▸ Assignment
In the entries that follow, the line with "finally show ?thesis by simp" opens the range and the line with "inner_vec_def inner_real_def column_def)" closes it; repeat that range exactly, both lines included.
Content starts
(* Let $A, B, C, F \in \mathbb{R}^{n\times n}$ with $B$ and $C$ invertible, and suppose $\sigma_{\min}(B^{-1}AC^{-1}) > 1$. Then the matrix equation $$AX + B\lvert CX\rvert = F$$ has exactly one solution $X \in \mathbb{R}^{n\times n}$.
   Context: $\sigma_{\min}(\cdot)$ is the smallest singular value and $\lvert M\rvert$ the entrywise absolute value of a matrix $M$. *)

theory Defs
  imports "HOL-Analysis.Analysis"
begin

definition eigenvalues_mat :: "real^'n^'n \<Rightarrow> real set" where
  "eigenvalues_mat M = {c. \<exists>v. v \<noteq> 0 \<and> M *v v = c *\<^sub>R v}"

definition sigma_min :: "real^'n^'n \<Rightarrow> real" where
  "sigma_min M = sqrt (Min (eigenvalues_mat (transpose M ** M)))"

definition mat_abs :: "real^'n^'m \<Rightarrow> real^'n^'m" where
  "mat_abs M = (\<chi> i j. \<bar>M $ i $ j\<bar>)"

end

theory Submission
  imports Defs
begin

text \<open>With \<open>M = B\<^sup>-\<^sup>1 A C\<^sup>-\<^sup>1\<close> and \<open>Y = C X\<close> the equation reads
\<open>M Y + \<bar>Y\<bar> = B\<^sup>-\<^sup>1 F\<close>. In the Frobenius norm \<open>\<parallel>M Y\<parallel> \<ge> \<sigma>\<^sub>m\<^sub>i\<^sub>n(M) \<parallel>Y\<parallel>\<close>,
since \<open>\<sigma>\<^sub>m\<^sub>i\<^sub>n(M)\<^sup>2\<close> is the minimum of the Rayleigh quotient of \<open>M\<^sup>T M\<close>, while
\<open>Y \<mapsto> \<bar>Y\<bar>\<close> is nonexpansive. As \<open>\<sigma>\<^sub>m\<^sub>i\<^sub>n(M) > 1\<close>, the map
\<open>Y \<mapsto> M\<^sup>-\<^sup>1 (B\<^sup>-\<^sup>1 F - \<bar>Y\<bar>)\<close> is a contraction, and Banach's fixed point theorem gives
exactly one solution.\<close>

lemma linear_plus_nonexpansive_ex1:
  fixes L \<phi> :: "'a::euclidean_space \<Rightarrow> 'a"
  assumes "linear L" and "k > 1"
    and expanding: "\<And>x. k * norm x \<le> norm (L x)"
    and nonexpansive: "\<And>x y. norm (\<phi> x - \<phi> y) \<le> norm (x - y)"
  shows "\<exists>!x. L x + \<phi> x = g"
proof -
  have "inj L"
  proof (rule linear_injective_0[OF \<open>linear L\<close>, THEN iffD2], intro allI impI)
    fix x assume "L x = 0"
    then show "x = 0" using expanding[of x] \<open>k > 1\<close>
      by (smt (verit) mult_pos_pos zero_less_norm_iff)
  qed
  then obtain R where "linear R" and LR: "\<And>y. L (R y) = y"
    using eucl.linear_inj_imp_surj \<open>linear L\<close> real_vector.linear_surjective_right_inverse
    by (metis comp_apply id_apply)
  have R_bound: "norm (R y) \<le> 1/k * norm y" for y
    using expanding[of "R y"] \<open>k > 1\<close> by (simp add: LR field_simps)
  define T where "T x = R (g - \<phi> x)" for x
  have "\<exists>!x. T x = x"
  proof (rule banach_fix_type)
    show "0 \<le> 1/k" "1/k < 1" using \<open>k > 1\<close> by auto
    show "\<forall>x y. dist (T x) (T y) \<le> 1/k * dist x y"
    proof (intro allI)
      fix x y
      have "dist (T x) (T y) = norm (R (\<phi> y - \<phi> x))"
        by (simp add: T_def dist_norm linear_diff[OF \<open>linear R\<close>, symmetric])
      also have "\<dots> \<le> 1/k * norm (\<phi> y - \<phi> x)" by (rule R_bound)
      also have "\<dots> \<le> 1/k * dist x y"
        using nonexpansive[of y x] \<open>k > 1\<close>
        by (simp add: dist_norm norm_minus_commute divide_right_mono)
      finally show "dist (T x) (T y) \<le> 1/k * dist x y" .
    qed
  qed
  then obtain x where "T x = x" by blast
  then have "L x + \<phi> x = g" unfolding T_def by (metis LR diff_add_cancel)
  moreover have "x' = x''" if "L x' + \<phi> x' = g" "L x'' + \<phi> x'' = g" for x' x''
  proof -
    have "L (x' - x'') = \<phi> x'' - \<phi> x'"
      using that by (simp add: linear_diff[OF \<open>linear L\<close>] algebra_simps)
    then have "k * norm (x' - x'') \<le> 1 * norm (x' - x'')"
      using expanding[of "x' - x''"] nonexpansive[of x'' x'] by (simp add: norm_minus_commute)
    then have "norm (x' - x'') \<le> 0"
      using \<open>k > 1\<close> mult_le_cancel_right1[of "norm (x' - x'')" k] by auto
    then show ?thesis by simp
  qed
  ultimately show ?thesis by blast
qed

lemma finite_eigenvalues_mat_symmetric:
  fixes S :: "real^'n^'n"
  assumes "transpose S = S"
  shows "finite (eigenvalues_mat S)"
proof -
  define E where "E = eigenvalues_mat S"
  define f where "f l = (SOME v. v \<noteq> 0 \<and> S *v v = l *\<^sub>R v)" for l
  have f: "f l \<noteq> 0 \<and> S *v f l = l *\<^sub>R f l" if "l \<in> E" for l
    unfolding f_def by (rule someI_ex) (use that in \<open>simp add: E_def eigenvalues_mat_def\<close>)
  have self_adjoint: "inner (S *v x) y = inner x (S *v y)" for x y
    by (metis assms dot_lmul_matrix inner_commute transpose_matrix_vector)
  have orthogonal: "inner (f l) (f l') = 0" if "l \<in> E" "l' \<in> E" "l \<noteq> l'" for l l'
  proof -
    have "l * inner (f l) (f l') = inner (S *v f l) (f l')" using f[OF that(1)] by simp
    also have "\<dots> = inner (f l) (S *v f l')" by (rule self_adjoint)
    also have "\<dots> = l' * inner (f l) (f l')" using f[OF that(2)] by simp
    finally show ?thesis using that(3) by simp
  qed
  have "inj_on f E"
    by (rule inj_onI, rule ccontr) (metis f orthogonal inner_eq_zero_iff)
  moreover have "independent (f ` E)"
  proof (rule pairwise_orthogonal_independent)
    show "pairwise orthogonal (f ` E)"
      unfolding pairwise_def orthogonal_def using orthogonal by blast
    show "0 \<notin> f ` E" using f by auto
  qed
  then have "finite (f ` E)" using independent_bound by blast
  ultimately show ?thesis unfolding E_def using finite_imageD by blast
qed

lemma inner_transpose_mult_self:
  "inner ((transpose M ** M) *v x) y = inner ((M::real^'n^'m) *v x) (M *v y)"
  by (metis dot_lmul_matrix matrix_vector_mul_assoc transpose_matrix_vector)

lemma eigenvalue_transpose_mult_self:
  fixes M :: "real^'n^'m"
  assumes "l \<in> eigenvalues_mat (transpose M ** M)"
  obtains v where "v \<noteq> 0" "l * (norm v)^2 = (norm (M *v v))^2"
proof -
  obtain v where v: "v \<noteq> 0" "(transpose M ** M) *v v = l *\<^sub>R v"
    using assms unfolding eigenvalues_mat_def by blast
  have "l * (norm v)^2 = inner ((transpose M ** M) *v v) v"
    using v by (simp add: power2_norm_eq_inner)
  also have "\<dots> = (norm (M *v v))^2"
    by (simp add: inner_transpose_mult_self power2_norm_eq_inner)
  finally show thesis using v that by blast
qed

lemma exists_min_norm_mult_on_sphere:
  fixes M :: "real^'n^'m"
  obtains v where "norm v = 1" "\<And>w. (norm (M *v v))^2 * (norm w)^2 \<le> (norm (M *v w))^2"
proof -
  have "sphere (0::real^'n) 1 \<noteq> {}"
    using norm_axis_1[of undefined] by fastforce
  moreover have "continuous_on (sphere 0 1) (\<lambda>u. (norm (M *v u))^2)"
    by (intro continuous_intros)
  ultimately obtain v where v: "v \<in> sphere 0 1"
    and min: "\<And>u. u \<in> sphere 0 1 \<Longrightarrow> (norm (M *v v))^2 \<le> (norm (M *v u))^2"
    using continuous_attains_inf[OF compact_sphere] by blast
  show thesis
  proof (rule that)
    show "norm v = 1" using v by simp
    show "(norm (M *v v))^2 * (norm w)^2 \<le> (norm (M *v w))^2" for w
    proof (cases "w = 0")
      case False
      have "(norm (M *v v))^2 \<le> (norm (M *v ((1 / norm w) *\<^sub>R w)))^2"
        using False by (intro min) simp
      also have "\<dots> = (norm (M *v w))^2 / (norm w)^2"
        by (simp add: matrix_vector_mult_scaleR power_divide)
      finally show ?thesis using False by (simp add: field_simps)
    qed simp
  qed
qed

lemma norm_add_scaleR_squared:
  fixes a b :: "'a::real_inner"
  shows "(norm (a + t *\<^sub>R b))^2 = (norm a)^2 + 2 * t * inner a b + t^2 * (norm b)^2"
proof -
  have "(norm (a + t *\<^sub>R b))^2 = inner (a + t *\<^sub>R b) (a + t *\<^sub>R b)"
    by (rule power2_norm_eq_inner)
  also have "\<dots> = inner a a + 2 * t * inner a b + t^2 * inner b b"
    by (simp add: inner_add_left inner_add_right inner_commute power2_eq_square)
  finally show ?thesis by (simp add: power2_norm_eq_inner)
qed

lemma min_norm_mult_on_sphere_eigenvector:
  fixes M :: "real^'n^'m" and v :: "real^'n"
  defines "\<mu> \<equiv> (norm (M *v v))^2"
  assumes "norm v = 1" and min: "\<And>w. \<mu> * (norm w)^2 \<le> (norm (M *v w))^2"
  shows "(transpose M ** M) *v v = \<mu> *\<^sub>R v"
proof -
  have first_variation: "inner (M *v v) (M *v w) = \<mu> * inner v w" for w
  proof -
    define a where "a = inner (M *v v) (M *v w) - \<mu> * inner v w"
    define b where "b = (norm (M *v w))^2 - \<mu> * (norm w)^2"
    have "(norm (M *v (v + t *\<^sub>R w)))^2 - \<mu> * (norm (v + t *\<^sub>R w))^2 = 2 * t * a + t^2 * b"
      for t
      using \<open>norm v = 1\<close> unfolding a_def b_def \<mu>_def
      by (simp add: matrix_vector_right_distrib matrix_vector_mult_scaleR
          norm_add_scaleR_squared algebra_simps)
    then have nonneg: "0 \<le> 2 * t * a + t^2 * b" for t
      using min[of "v + t *\<^sub>R w"] by (metis diff_ge_0_iff_ge)
    have "((\<lambda>t. 2 * t * a + t^2 * b) has_real_derivative 2 * a) (at 0)"
      by (auto intro!: derivative_eq_intros)
    then have "2 * a = 0"
      by (rule DERIV_local_min[where d = 1]) (simp_all add: nonneg)
    then show ?thesis unfolding a_def by simp
  qed
  have "inner ((transpose M ** M) *v v - \<mu> *\<^sub>R v) w = 0" for w
    using first_variation[of w] by (simp add: inner_transpose_mult_self inner_diff_left)
  from this[of "(transpose M ** M) *v v - \<mu> *\<^sub>R v"] show ?thesis by simp
qed

lemma Min_eigenvalues_transpose_mult_self:
  fixes M :: "real^'n^'m"
  shows "0 \<le> Min (eigenvalues_mat (transpose M ** M))"
    and "Min (eigenvalues_mat (transpose M ** M)) * (norm w)^2 \<le> (norm (M *v w))^2"
proof -
  define E where "E = eigenvalues_mat (transpose M ** M)"
  obtain v where "norm v = 1" and min: "\<And>w. (norm (M *v v))^2 * (norm w)^2 \<le> (norm (M *v w))^2"
    using exists_min_norm_mult_on_sphere[of M] by blast
  then have "(transpose M ** M) *v v = (norm (M *v v))^2 *\<^sub>R v"
    by (intro min_norm_mult_on_sphere_eigenvector)
  moreover have "v \<noteq> 0" using \<open>norm v = 1\<close> by auto
  ultimately have "(norm (M *v v))^2 \<in> E"
    unfolding E_def eigenvalues_mat_def by blast
  moreover have "finite E"
    unfolding E_def by (rule finite_eigenvalues_mat_symmetric) (simp add: matrix_transpose_mul)
  moreover have "(norm (M *v v))^2 \<le> l" if "l \<in> E" for l
  proof -
    obtain u where "u \<noteq> 0" and l: "l * (norm u)^2 = (norm (M *v u))^2"
      using \<open>l \<in> E\<close> unfolding E_def by (rule eigenvalue_transpose_mult_self)
    have "(norm (M *v v))^2 * (norm u)^2 \<le> l * (norm u)^2"
      using min[of u] l by simp
    moreover have "(norm u)^2 > 0" using \<open>u \<noteq> 0\<close> by simp
    ultimately show ?thesis by (rule mult_right_le_imp_le)
  qed
  ultimately have "Min E = (norm (M *v v))^2" by (intro Min_eqI) auto
  then show "0 \<le> Min E" "Min E * (norm w)^2 \<le> (norm (M *v w))^2"
    using min by auto
qed

lemma sigma_min_nonneg: "0 \<le> sigma_min M"
  unfolding sigma_min_def by (simp add: Min_eigenvalues_transpose_mult_self(1))

lemma sigma_min_mult_norm_le: "sigma_min M * norm v \<le> norm (M *v v)"
proof -
  have "sigma_min M * norm v = sqrt (Min (eigenvalues_mat (transpose M ** M)) * (norm v)^2)"
    unfolding sigma_min_def by (simp add: real_sqrt_mult)
  also have "\<dots> \<le> sqrt ((norm (M *v v))^2)"
    by (intro real_sqrt_le_mono Min_eigenvalues_transpose_mult_self(2))
  finally show ?thesis by simp
qed

lemma norm_power2_matrix_columns:
  "(norm (Z::real^'n^'m))^2 = (\<Sum>j\<in>UNIV. (norm (column j Z))^2)"
proof -
  have "(norm Z)^2 = (\<Sum>i\<in>UNIV. \<Sum>j\<in>UNIV. Z$i$j * Z$i$j)"
    by (simp add: power2_norm_eq_inner inner_vec_def inner_real_def)
  also have "\<dots> = (\<Sum>j\<in>UNIV. \<Sum>i\<in>UNIV. Z$i$j * Z$i$j)" by (rule sum.swap)
  also have "\<dots> = (\<Sum>j\<in>UNIV. (norm (column j Z))^2)"
    by (simp add: power2_norm_eq_inner inner_vec_def inner_real_def column_def)
  finally show ?thesis .
qed

lemma column_matrix_matrix_mult: "column j (M ** Z) = M *v column j Z"
  by (simp add: vec_eq_iff column_def matrix_matrix_mult_def matrix_vector_mult_def)

lemma sigma_min_mult_norm_le_matrix:
  fixes Z :: "real^'k^'n"
  shows "sigma_min M * norm Z \<le> norm (M ** Z)"
proof -
  have "(sigma_min M * norm Z)^2 = (\<Sum>j\<in>UNIV. (sigma_min M * norm (column j Z))^2)"
    by (simp add: power_mult_distrib norm_power2_matrix_columns sum_distrib_left)
  also have "\<dots> \<le> (\<Sum>j\<in>UNIV. (norm (M *v column j Z))^2)"
    by (intro sum_mono power_mono sigma_min_mult_norm_le)
      (simp add: sigma_min_nonneg)
  also have "\<dots> = (norm (M ** Z))^2"
    by (simp add: norm_power2_matrix_columns column_matrix_matrix_mult)
  finally show ?thesis by (rule power2_le_imp_le) simp
qed

lemma norm_mat_abs_diff_le: "norm (mat_abs Z - mat_abs W) \<le> norm (Z - W)"
  unfolding mat_abs_def
  by (intro norm_le_componentwise_cart) (simp add: abs_triangle_ineq3)

lemma linear_matrix_matrix_mult_left: "linear (\<lambda>Z. (M::real^'n^'m) ** (Z::real^'k^'n))"
  by (rule linearI)
    (simp add: matrix_add_ldistrib,
     simp add: vec_eq_iff matrix_matrix_mult_def sum_distrib_left algebra_simps)

lemma matrix_inv_cancel:
  assumes "invertible (A::'a::semiring_1^'n^'n)"
  shows "A ** matrix_inv A = mat 1" and "matrix_inv A ** A = mat 1"
proof -
  have "A ** matrix_inv A = mat 1 \<and> matrix_inv A ** A = mat 1"
    unfolding matrix_inv_def by (rule someI_ex) (use assms in \<open>simp add: invertible_def\<close>)
  then show "A ** matrix_inv A = mat 1" "matrix_inv A ** A = mat 1" by auto
qed

lemma ex1_invertible_matrix_mult_iff:
  fixes C :: "'a::semiring_1^'n^'n"
  assumes "invertible C"
  shows "(\<exists>!X::'a^'k^'n. P (C ** X)) \<longleftrightarrow> (\<exists>!Y. P Y)"
proof -
  have left: "matrix_inv C ** (C ** X) = X" and right: "C ** (matrix_inv C ** Y) = Y"
    for X Y :: "'a^'k^'n"
    using matrix_inv_cancel[OF assms] by (simp_all add: matrix_mul_assoc)
  show ?thesis by (metis left right)
qed

lemma invertible_matrix_mult_left_eq_iff:
  fixes B :: "'a::semiring_1^'n^'n"
  assumes "invertible B"
  shows "B ** X = F \<longleftrightarrow> X = matrix_inv B ** F"
  using matrix_inv_cancel[OF assms] by (auto simp: matrix_mul_assoc)

theorem corollary4p1:
  fixes A B C F :: "real^'n^'n"
  assumes "invertible B" and "invertible C"
    and "sigma_min (matrix_inv B ** A ** matrix_inv C) > 1"
  shows "\<exists>!X :: real^'n^'n. A ** X + B ** mat_abs (C ** X) = F"
proof -
  define M where "M = matrix_inv B ** A ** matrix_inv C"
  have "\<exists>!Y. M ** Y + mat_abs Y = matrix_inv B ** F"
    using linear_matrix_matrix_mult_left assms(3)[folded M_def]
      sigma_min_mult_norm_le_matrix norm_mat_abs_diff_le
    by (rule linear_plus_nonexpansive_ex1)
  moreover have "A ** X + B ** mat_abs (C ** X) = F \<longleftrightarrow>
      M ** (C ** X) + mat_abs (C ** X) = matrix_inv B ** F" for X
  proof -
    have "A ** X = B ** (M ** (C ** X))"
      unfolding M_def using matrix_inv_cancel[OF assms(1)] matrix_inv_cancel[OF assms(2)]
      by (metis matrix_mul_assoc matrix_mul_lid matrix_mul_rid)
    then show ?thesis
      by (simp add: matrix_add_ldistrib[symmetric] invertible_matrix_mult_left_eq_iff[OF assms(1)])
  qed
  ultimately show ?thesis
    using ex1_invertible_matrix_mult_iff[OF assms(2),
        of "\<lambda>Y. M ** Y + mat_abs Y = matrix_inv B ** F"] by simp
qed

end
Content ends
▸ Reply to the exercise
  finally show ?thesis by simp
qed

lemma norm_power2_matrix_columns:
  "(norm (Z::real^'n^'m))^2 = (\<Sum>j\<in>UNIV. (norm (column j Z))^2)"
proof -
  have "(norm Z)^2 = (\<Sum>i\<in>UNIV. \<Sum>j\<in>UNIV. Z$i$j * Z$i$j)"
    by (simp add: power2_norm_eq_inner inner_vec_def inner_real_def)
  also have "\<dots> = (\<Sum>j\<in>UNIV. \<Sum>i\<in>UNIV. Z$i$j * Z$i$j)" by (rule sum.swap)
  also have "\<dots> = (\<Sum>j\<in>UNIV. (norm (column j Z))^2)"
    by (simp add: power2_norm_eq_inner inner_vec_def inner_real_def column_def)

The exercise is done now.